__Problem description__
Look for the word "rGamma". Copy every line of the listing where it occurs.

*** Supplied material ***

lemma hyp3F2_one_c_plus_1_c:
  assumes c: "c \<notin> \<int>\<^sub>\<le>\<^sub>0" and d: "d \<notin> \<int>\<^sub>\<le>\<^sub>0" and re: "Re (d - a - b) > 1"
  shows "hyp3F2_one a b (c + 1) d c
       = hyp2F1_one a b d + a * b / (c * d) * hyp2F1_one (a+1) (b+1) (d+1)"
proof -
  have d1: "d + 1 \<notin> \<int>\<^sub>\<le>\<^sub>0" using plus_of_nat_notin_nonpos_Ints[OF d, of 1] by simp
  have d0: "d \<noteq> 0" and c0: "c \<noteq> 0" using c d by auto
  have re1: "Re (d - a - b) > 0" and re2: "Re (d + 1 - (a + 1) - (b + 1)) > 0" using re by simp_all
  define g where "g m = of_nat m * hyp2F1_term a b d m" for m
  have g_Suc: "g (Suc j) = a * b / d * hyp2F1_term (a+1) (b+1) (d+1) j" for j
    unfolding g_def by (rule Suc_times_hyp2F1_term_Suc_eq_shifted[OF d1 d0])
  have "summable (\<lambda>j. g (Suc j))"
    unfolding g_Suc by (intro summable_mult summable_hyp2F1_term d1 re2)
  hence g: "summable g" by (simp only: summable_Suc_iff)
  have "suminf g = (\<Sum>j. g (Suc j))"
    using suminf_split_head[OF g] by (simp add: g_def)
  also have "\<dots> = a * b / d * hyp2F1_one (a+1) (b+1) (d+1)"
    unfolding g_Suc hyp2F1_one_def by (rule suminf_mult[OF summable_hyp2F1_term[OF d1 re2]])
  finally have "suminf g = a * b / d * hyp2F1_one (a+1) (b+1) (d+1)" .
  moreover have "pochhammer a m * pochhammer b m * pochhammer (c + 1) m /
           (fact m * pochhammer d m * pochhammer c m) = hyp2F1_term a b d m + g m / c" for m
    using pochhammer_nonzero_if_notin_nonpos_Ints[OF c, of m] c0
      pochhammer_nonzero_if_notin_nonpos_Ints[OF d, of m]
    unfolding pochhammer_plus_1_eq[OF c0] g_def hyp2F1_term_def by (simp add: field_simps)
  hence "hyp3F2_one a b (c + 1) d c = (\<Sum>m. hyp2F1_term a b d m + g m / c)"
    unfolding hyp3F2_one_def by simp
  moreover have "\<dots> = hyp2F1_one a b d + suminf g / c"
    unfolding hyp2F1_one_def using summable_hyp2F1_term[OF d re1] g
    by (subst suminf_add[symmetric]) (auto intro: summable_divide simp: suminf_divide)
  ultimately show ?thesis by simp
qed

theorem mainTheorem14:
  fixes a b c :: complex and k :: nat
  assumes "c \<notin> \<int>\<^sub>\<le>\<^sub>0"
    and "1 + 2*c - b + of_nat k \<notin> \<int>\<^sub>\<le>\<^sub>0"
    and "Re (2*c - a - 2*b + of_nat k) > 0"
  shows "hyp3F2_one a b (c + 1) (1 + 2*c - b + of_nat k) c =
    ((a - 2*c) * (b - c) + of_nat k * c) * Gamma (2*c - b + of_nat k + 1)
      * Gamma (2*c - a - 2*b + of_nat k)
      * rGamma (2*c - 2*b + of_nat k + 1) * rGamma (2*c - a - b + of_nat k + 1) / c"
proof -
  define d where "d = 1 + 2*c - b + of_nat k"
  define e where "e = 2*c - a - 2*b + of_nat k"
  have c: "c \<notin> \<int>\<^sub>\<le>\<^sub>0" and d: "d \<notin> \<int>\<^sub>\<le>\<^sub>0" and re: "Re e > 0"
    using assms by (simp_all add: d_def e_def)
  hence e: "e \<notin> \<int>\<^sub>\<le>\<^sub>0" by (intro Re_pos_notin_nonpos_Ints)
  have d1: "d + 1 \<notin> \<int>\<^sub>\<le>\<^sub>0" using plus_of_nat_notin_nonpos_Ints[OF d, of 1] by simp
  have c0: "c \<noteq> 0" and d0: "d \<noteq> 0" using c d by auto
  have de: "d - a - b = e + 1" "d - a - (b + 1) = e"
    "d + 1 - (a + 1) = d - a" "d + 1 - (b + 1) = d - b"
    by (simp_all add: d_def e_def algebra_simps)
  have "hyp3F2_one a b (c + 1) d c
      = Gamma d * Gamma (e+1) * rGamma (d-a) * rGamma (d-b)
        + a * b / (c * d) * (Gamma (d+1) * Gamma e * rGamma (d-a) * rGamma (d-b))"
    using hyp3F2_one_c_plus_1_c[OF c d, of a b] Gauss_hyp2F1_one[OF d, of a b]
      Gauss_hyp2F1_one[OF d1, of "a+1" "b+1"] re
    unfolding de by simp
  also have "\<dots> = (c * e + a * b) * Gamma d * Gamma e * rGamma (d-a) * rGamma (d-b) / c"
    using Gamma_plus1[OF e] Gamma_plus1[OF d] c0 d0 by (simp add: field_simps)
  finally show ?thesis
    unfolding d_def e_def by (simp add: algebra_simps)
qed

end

*** End of Supplied material ***

__Result__
      * rGamma (2*c - 2*b + of_nat k + 1) * rGamma (2*c - a - b + of_nat k + 1) / c"
      = Gamma d * Gamma (e+1) * rGamma (d-a) * rGamma (d-b)
        + a * b / (c * d) * (Gamma (d+1) * Gamma e * rGamma (d-a) * rGamma (d-b))"
  also have "\<dots> = (c * e + a * b) * Gamma d * Gamma e * rGamma (d-a) * rGamma (d-b) / c"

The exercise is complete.